▸ Exercise:
Where the data below has the string "lambda", return the whole line.

[Records from a dataset]
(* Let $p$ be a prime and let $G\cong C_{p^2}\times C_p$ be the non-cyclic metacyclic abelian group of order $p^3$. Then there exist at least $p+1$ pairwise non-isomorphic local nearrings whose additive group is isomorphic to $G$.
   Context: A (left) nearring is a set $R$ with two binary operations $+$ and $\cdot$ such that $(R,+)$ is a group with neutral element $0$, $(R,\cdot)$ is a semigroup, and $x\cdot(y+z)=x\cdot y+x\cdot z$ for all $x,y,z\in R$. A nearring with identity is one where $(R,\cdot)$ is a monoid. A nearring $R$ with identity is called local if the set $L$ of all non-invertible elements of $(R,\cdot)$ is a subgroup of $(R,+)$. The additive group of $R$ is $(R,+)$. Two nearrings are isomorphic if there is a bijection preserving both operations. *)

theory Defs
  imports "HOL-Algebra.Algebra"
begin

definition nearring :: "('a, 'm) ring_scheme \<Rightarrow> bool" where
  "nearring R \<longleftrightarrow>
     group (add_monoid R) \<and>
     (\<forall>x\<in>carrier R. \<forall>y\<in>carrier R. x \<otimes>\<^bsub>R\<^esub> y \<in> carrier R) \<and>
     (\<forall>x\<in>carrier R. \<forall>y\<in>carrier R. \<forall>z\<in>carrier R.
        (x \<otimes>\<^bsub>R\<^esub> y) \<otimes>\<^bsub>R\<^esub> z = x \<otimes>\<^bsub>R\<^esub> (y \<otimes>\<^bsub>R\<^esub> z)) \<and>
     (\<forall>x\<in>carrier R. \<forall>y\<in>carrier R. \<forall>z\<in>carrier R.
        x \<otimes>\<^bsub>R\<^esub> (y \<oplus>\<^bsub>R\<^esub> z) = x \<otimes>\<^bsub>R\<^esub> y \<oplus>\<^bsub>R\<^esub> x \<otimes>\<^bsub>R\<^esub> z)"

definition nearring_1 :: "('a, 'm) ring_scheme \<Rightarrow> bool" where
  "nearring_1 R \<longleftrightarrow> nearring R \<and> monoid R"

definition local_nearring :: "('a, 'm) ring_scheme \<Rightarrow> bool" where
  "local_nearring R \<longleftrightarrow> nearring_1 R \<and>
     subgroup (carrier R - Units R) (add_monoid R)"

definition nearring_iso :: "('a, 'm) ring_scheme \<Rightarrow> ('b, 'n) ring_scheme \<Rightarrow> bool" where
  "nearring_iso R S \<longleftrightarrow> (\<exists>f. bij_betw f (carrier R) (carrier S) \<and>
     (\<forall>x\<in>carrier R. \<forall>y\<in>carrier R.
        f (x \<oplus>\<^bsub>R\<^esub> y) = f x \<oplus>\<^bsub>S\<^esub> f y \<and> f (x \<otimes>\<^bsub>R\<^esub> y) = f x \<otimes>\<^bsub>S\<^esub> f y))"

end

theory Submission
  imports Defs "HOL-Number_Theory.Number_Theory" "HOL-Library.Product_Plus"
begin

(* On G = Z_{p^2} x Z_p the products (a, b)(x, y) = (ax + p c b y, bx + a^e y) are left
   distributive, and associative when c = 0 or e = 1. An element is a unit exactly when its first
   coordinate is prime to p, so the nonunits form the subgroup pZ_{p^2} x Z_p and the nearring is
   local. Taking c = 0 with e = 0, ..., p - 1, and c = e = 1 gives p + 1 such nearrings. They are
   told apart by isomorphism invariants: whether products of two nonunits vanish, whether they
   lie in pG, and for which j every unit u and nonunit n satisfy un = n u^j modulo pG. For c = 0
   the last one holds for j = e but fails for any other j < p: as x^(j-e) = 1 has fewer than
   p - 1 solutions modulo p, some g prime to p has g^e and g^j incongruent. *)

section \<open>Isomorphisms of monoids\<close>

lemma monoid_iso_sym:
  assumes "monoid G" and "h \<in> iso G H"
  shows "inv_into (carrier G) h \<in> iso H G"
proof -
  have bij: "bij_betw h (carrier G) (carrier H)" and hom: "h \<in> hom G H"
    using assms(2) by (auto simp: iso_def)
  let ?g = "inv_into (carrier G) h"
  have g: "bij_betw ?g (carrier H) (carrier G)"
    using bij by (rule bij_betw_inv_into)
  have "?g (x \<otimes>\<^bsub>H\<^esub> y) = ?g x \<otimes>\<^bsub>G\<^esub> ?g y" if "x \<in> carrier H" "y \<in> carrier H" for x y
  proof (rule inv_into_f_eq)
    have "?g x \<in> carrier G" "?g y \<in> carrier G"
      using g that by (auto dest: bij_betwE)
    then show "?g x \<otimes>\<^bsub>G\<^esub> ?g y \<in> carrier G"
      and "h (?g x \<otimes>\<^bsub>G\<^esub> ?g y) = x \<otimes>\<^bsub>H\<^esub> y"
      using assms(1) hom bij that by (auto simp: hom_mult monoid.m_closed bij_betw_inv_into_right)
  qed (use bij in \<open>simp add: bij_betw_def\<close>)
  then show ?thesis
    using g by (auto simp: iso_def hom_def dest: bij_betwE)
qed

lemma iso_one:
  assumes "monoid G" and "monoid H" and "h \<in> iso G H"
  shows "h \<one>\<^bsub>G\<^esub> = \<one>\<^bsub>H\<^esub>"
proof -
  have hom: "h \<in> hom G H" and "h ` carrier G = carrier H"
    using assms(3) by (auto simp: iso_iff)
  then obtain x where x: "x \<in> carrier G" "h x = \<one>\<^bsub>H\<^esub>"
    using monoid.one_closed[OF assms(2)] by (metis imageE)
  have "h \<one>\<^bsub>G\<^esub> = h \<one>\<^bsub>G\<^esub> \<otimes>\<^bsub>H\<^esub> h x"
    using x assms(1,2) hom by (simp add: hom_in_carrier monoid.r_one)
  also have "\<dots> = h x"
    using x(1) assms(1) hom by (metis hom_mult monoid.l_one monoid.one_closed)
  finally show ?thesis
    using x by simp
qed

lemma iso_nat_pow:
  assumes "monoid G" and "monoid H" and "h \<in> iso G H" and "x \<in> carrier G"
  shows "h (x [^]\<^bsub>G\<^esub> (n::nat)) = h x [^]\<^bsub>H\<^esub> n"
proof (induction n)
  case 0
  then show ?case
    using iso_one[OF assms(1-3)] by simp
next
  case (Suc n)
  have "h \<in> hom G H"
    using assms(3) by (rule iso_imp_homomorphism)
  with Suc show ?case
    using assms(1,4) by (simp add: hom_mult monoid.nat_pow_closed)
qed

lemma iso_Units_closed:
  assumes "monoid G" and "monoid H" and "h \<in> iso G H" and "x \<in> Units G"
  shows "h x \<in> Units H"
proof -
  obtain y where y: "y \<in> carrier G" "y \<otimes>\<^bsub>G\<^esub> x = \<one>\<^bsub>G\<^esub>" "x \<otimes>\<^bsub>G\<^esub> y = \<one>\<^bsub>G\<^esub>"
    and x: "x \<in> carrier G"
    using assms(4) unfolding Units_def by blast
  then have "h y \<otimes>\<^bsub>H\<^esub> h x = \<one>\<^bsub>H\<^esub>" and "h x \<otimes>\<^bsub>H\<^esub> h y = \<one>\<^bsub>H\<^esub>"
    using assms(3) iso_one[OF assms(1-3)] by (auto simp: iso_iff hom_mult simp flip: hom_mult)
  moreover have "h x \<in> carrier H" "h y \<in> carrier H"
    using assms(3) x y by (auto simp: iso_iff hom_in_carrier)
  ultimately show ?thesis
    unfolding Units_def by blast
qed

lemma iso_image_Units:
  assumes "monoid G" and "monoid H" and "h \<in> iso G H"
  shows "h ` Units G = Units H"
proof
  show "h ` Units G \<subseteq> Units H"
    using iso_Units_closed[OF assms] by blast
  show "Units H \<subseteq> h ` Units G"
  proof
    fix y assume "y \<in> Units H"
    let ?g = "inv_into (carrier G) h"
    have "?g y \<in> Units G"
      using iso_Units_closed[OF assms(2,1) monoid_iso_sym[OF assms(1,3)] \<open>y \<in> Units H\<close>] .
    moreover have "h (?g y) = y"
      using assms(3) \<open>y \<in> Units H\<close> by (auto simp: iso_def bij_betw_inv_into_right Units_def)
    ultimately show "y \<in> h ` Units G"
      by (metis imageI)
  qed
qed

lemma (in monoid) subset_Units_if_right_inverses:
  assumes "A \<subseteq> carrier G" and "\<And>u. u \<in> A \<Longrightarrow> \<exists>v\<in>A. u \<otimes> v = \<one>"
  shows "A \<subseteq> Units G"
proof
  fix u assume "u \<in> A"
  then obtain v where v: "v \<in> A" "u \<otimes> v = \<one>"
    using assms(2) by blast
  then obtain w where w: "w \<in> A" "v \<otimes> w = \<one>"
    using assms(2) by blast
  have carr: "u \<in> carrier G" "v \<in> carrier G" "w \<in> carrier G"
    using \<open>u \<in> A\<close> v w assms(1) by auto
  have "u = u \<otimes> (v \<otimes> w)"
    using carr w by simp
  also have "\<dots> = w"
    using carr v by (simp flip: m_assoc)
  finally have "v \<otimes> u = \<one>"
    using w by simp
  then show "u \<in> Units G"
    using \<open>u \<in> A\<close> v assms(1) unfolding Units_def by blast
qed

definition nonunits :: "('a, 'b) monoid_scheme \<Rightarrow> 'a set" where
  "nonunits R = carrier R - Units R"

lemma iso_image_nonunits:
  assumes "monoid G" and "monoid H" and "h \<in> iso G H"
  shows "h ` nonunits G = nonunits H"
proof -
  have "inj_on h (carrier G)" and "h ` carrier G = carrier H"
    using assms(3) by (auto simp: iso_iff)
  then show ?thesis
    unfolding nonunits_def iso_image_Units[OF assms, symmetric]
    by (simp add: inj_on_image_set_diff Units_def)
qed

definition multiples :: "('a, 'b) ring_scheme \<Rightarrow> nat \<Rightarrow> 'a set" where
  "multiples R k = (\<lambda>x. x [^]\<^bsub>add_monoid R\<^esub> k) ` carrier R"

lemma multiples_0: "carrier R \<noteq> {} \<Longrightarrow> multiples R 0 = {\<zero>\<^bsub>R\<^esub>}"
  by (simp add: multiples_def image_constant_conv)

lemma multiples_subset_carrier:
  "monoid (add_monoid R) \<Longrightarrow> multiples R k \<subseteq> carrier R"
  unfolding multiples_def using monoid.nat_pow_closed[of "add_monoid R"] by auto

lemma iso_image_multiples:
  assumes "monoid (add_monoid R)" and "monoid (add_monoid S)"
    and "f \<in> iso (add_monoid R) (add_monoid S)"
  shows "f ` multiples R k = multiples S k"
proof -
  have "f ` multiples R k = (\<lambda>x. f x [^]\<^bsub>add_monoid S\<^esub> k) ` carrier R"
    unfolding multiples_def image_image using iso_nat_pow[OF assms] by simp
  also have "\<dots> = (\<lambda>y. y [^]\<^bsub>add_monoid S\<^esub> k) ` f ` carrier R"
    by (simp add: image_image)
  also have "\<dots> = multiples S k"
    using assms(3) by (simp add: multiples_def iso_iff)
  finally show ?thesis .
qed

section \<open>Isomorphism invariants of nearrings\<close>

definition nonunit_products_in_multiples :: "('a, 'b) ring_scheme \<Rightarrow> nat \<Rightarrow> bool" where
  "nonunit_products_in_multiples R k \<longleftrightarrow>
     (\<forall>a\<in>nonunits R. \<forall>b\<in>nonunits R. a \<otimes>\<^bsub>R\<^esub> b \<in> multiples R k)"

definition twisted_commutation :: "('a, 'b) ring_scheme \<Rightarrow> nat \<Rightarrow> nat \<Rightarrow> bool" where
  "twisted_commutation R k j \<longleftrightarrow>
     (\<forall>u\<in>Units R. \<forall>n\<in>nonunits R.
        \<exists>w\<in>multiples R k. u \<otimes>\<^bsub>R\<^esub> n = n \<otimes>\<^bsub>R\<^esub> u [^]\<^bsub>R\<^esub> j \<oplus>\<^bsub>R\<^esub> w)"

▸ The completed task:
  "multiples R k = (\<lambda>x. x [^]\<^bsub>add_monoid R\<^esub> k) ` carrier R"
  have "f ` multiples R k = (\<lambda>x. f x [^]\<^bsub>add_monoid S\<^esub> k) ` carrier R"
  also have "\<dots> = (\<lambda>y. y [^]\<^bsub>add_monoid S\<^esub> k) ` f ` carrier R"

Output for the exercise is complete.